■ **What to do**
Below this line is a set of entries; quote exactly the lines from the line that contains "using inv_match_in(1) output_edges_subset[of" to the line that contains "using inv_match_in by", both lines included.

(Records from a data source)
Start of Block

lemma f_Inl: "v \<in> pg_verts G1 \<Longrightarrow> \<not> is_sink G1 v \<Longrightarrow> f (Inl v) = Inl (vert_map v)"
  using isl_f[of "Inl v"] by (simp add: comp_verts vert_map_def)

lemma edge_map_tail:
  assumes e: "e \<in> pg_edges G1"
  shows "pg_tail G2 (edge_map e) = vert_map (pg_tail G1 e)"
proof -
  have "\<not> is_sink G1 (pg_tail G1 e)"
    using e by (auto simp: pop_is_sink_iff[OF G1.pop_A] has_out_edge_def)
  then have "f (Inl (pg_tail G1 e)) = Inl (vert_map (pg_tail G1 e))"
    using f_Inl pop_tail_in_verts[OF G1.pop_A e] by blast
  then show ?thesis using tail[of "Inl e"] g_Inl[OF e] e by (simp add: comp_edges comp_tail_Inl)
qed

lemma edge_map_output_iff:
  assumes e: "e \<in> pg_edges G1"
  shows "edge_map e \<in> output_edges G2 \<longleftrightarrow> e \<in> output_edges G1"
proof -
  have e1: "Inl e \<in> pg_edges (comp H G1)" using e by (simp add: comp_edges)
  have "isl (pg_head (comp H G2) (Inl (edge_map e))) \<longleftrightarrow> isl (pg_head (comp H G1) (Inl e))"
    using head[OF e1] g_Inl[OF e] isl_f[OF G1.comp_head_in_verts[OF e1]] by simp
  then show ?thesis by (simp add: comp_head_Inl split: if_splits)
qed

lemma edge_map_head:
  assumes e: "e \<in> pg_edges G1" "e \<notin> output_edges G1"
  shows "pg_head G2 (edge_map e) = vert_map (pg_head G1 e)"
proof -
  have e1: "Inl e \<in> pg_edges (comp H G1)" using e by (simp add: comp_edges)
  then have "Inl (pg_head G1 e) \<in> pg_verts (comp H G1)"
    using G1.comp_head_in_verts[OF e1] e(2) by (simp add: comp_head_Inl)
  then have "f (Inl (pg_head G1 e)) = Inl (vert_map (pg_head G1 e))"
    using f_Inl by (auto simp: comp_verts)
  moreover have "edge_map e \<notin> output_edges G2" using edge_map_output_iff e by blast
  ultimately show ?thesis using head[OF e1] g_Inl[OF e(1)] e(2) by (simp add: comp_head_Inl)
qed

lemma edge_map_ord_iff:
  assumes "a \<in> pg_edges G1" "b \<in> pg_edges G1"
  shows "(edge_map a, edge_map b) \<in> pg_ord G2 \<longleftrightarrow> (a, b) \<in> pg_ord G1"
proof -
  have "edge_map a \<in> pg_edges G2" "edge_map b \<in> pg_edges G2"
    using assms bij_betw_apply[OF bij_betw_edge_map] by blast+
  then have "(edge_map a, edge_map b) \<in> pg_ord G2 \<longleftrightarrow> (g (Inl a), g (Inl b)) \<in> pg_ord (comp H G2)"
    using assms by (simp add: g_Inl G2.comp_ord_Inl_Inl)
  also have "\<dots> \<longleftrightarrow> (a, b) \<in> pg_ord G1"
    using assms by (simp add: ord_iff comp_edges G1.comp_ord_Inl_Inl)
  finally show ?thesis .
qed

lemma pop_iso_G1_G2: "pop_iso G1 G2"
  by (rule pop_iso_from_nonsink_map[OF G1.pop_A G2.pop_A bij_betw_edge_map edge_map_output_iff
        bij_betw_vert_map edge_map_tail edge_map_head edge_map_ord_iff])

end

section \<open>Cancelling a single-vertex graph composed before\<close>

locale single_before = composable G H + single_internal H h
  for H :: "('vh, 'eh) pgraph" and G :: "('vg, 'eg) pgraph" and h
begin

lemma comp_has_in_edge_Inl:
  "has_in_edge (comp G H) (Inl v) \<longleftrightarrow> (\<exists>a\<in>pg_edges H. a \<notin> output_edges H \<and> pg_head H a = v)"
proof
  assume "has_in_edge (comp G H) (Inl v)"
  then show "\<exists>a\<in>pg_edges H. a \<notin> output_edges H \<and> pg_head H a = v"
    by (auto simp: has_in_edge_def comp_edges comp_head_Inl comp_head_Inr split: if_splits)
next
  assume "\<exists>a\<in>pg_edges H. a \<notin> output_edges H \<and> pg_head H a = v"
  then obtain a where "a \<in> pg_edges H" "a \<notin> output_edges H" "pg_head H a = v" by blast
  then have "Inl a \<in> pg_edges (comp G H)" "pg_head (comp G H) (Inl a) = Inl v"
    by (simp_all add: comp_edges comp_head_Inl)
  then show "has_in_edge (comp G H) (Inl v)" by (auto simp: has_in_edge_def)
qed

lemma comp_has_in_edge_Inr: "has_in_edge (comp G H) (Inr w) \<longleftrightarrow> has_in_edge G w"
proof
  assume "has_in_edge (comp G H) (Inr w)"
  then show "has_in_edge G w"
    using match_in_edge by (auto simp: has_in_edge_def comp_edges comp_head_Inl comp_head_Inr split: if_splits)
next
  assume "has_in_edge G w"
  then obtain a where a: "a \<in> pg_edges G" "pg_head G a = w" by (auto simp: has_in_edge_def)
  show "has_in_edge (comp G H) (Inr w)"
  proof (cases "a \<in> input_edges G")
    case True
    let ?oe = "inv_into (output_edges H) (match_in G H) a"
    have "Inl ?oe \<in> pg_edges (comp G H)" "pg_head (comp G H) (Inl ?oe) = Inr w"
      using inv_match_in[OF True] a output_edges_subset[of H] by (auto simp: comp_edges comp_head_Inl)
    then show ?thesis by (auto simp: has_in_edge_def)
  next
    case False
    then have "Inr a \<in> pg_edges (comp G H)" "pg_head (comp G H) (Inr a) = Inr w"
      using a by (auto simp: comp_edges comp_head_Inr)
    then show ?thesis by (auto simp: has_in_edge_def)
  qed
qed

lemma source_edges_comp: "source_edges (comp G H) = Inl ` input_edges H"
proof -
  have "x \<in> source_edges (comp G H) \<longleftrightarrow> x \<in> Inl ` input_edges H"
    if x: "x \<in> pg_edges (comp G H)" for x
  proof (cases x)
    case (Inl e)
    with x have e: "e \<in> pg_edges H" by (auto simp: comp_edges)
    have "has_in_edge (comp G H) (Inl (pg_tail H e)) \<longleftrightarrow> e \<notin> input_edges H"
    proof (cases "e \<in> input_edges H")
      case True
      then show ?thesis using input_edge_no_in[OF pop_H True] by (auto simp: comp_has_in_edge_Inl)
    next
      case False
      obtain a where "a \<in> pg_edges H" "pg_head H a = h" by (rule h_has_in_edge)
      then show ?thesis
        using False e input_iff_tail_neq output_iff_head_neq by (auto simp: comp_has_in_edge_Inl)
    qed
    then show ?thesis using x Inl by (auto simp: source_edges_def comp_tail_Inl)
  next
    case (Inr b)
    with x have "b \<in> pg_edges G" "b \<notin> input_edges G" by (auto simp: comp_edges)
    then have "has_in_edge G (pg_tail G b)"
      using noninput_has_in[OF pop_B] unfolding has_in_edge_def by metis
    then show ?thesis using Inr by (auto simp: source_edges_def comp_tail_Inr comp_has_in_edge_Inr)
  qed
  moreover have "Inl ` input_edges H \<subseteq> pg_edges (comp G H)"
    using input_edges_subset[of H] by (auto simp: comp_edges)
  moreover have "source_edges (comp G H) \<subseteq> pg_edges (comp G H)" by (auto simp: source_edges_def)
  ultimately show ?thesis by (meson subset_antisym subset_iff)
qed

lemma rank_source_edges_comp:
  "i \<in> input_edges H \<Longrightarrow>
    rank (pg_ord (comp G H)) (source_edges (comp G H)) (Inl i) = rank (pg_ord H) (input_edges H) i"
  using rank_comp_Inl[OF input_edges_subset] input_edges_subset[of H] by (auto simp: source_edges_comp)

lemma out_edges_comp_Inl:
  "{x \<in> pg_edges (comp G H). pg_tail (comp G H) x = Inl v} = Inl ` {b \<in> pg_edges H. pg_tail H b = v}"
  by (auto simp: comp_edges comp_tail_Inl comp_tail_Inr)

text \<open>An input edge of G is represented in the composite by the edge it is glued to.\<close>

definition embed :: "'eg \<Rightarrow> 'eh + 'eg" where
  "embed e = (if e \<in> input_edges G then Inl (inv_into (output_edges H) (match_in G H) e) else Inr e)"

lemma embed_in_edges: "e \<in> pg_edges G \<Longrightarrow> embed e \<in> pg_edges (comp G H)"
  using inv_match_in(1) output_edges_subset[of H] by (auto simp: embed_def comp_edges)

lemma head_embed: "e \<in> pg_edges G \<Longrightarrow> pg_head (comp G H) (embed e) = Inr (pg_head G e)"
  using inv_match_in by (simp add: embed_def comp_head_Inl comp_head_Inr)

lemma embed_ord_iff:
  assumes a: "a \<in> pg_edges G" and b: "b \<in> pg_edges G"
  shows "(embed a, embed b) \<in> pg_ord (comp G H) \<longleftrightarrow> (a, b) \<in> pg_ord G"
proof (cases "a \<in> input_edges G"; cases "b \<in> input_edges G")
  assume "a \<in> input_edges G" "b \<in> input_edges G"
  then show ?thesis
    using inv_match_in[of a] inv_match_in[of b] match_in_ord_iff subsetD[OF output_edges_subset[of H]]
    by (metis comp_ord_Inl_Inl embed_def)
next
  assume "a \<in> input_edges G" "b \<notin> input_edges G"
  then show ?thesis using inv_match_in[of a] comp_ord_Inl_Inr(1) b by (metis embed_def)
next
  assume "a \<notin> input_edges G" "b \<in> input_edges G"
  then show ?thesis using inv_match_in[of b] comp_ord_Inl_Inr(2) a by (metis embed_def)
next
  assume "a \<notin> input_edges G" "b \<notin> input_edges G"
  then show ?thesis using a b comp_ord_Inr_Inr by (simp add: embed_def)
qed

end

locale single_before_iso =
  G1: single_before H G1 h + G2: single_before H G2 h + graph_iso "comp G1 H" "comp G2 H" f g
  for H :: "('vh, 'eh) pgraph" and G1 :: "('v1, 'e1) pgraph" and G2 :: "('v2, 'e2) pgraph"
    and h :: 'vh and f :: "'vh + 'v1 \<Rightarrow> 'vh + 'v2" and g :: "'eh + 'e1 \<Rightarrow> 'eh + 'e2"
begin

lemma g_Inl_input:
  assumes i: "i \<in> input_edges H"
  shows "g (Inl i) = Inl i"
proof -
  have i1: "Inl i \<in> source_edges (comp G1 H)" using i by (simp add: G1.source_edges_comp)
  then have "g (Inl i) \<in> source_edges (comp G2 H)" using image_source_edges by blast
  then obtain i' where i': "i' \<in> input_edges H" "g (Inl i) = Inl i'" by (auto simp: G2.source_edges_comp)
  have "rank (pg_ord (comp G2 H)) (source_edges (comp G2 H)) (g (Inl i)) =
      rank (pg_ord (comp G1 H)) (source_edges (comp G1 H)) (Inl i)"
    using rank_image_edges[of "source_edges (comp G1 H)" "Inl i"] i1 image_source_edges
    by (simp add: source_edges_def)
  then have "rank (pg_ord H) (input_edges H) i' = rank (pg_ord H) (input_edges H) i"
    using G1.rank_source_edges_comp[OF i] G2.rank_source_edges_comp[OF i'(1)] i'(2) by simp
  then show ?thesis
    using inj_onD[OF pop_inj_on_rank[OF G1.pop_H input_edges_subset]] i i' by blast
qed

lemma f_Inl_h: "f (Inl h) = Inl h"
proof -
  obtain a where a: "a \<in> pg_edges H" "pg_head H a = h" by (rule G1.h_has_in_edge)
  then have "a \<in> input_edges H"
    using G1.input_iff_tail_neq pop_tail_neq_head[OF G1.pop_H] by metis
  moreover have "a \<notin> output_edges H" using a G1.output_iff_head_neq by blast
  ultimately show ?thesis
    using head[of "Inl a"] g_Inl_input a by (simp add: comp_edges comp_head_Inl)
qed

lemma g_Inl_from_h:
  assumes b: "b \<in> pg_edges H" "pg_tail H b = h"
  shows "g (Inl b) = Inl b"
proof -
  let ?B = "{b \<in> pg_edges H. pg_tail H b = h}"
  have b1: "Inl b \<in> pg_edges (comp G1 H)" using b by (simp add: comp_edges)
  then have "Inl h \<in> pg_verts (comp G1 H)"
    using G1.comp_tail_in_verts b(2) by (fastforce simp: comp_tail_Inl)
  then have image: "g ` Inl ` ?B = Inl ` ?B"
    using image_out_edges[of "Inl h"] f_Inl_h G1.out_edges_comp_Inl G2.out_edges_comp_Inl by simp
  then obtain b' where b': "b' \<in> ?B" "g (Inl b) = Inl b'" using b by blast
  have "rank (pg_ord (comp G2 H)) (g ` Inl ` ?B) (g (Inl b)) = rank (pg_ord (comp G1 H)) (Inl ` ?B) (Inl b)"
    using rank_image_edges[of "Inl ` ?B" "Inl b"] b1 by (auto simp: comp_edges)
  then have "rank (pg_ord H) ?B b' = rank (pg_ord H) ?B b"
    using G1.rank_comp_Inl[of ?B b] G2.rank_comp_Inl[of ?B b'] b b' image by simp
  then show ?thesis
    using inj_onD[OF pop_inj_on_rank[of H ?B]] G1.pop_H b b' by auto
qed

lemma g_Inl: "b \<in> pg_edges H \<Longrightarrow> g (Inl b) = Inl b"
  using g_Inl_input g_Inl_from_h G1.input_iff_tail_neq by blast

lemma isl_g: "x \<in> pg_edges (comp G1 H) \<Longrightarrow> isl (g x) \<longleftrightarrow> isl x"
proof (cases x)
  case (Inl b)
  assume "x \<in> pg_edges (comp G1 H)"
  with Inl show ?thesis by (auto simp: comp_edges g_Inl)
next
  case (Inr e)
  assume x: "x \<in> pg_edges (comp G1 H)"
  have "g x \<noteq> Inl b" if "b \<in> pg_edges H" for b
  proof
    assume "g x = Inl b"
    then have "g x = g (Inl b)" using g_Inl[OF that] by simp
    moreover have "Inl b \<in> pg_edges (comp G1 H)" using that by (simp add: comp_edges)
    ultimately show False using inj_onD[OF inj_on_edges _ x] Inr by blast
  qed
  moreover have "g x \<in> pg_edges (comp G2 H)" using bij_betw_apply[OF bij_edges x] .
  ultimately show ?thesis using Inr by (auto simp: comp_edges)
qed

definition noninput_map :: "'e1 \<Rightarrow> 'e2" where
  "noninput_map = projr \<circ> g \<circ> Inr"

End of Block
Start of Block

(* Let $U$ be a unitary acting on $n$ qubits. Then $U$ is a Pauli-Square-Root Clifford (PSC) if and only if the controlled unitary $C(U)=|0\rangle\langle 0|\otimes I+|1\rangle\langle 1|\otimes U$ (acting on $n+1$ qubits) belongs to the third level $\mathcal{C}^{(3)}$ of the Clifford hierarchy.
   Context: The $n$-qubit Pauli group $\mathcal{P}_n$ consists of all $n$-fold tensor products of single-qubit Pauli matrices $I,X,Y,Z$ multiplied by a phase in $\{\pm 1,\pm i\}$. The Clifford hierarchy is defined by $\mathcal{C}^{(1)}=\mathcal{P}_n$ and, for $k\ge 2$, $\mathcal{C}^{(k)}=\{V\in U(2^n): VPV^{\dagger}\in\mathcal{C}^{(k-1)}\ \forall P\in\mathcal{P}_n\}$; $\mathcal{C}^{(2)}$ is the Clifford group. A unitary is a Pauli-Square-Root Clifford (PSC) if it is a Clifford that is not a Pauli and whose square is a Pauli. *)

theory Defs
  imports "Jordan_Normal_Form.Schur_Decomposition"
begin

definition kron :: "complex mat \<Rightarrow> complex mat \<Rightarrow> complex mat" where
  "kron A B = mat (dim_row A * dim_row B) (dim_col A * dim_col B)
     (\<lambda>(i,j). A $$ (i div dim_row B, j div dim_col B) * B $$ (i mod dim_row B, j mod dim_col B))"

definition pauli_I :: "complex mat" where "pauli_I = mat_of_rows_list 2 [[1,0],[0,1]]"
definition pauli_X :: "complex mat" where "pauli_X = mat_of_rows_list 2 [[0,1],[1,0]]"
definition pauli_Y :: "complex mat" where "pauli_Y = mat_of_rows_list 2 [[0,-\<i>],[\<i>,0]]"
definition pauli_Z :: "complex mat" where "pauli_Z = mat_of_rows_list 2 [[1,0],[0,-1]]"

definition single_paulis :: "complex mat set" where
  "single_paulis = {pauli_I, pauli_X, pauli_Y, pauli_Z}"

End of Block
Start of Block

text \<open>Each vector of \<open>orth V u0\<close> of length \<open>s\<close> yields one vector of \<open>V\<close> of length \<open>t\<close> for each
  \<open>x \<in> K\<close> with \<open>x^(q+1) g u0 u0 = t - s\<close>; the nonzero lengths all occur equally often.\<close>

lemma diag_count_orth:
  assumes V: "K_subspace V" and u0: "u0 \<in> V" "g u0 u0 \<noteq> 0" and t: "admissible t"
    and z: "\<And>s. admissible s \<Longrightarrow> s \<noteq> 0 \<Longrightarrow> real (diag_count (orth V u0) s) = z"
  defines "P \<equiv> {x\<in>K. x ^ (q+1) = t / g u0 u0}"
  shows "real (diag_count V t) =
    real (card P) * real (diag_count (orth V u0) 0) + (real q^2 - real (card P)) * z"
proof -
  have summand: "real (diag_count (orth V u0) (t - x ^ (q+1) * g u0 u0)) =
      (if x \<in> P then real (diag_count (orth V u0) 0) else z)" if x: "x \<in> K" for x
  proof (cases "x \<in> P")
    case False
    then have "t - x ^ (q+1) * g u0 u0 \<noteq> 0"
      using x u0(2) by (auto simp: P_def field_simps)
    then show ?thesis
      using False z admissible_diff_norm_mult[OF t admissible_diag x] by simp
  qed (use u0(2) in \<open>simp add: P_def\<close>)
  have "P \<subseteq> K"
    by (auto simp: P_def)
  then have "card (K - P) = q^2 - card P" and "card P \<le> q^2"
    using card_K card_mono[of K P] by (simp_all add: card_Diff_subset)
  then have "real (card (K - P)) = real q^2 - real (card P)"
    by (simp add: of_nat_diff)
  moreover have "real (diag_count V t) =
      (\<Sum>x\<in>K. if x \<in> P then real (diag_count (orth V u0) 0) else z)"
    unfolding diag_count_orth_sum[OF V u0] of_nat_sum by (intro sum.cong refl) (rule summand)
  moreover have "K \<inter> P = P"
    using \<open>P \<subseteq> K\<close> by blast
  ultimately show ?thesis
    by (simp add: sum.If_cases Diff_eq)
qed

End of Block

■ **Task output**
  using inv_match_in(1) output_edges_subset[of H] by (auto simp: embed_def comp_edges)

lemma head_embed: "e \<in> pg_edges G \<Longrightarrow> pg_head (comp G H) (embed e) = Inr (pg_head G e)"
  using inv_match_in by (simp add: embed_def comp_head_Inl comp_head_Inr)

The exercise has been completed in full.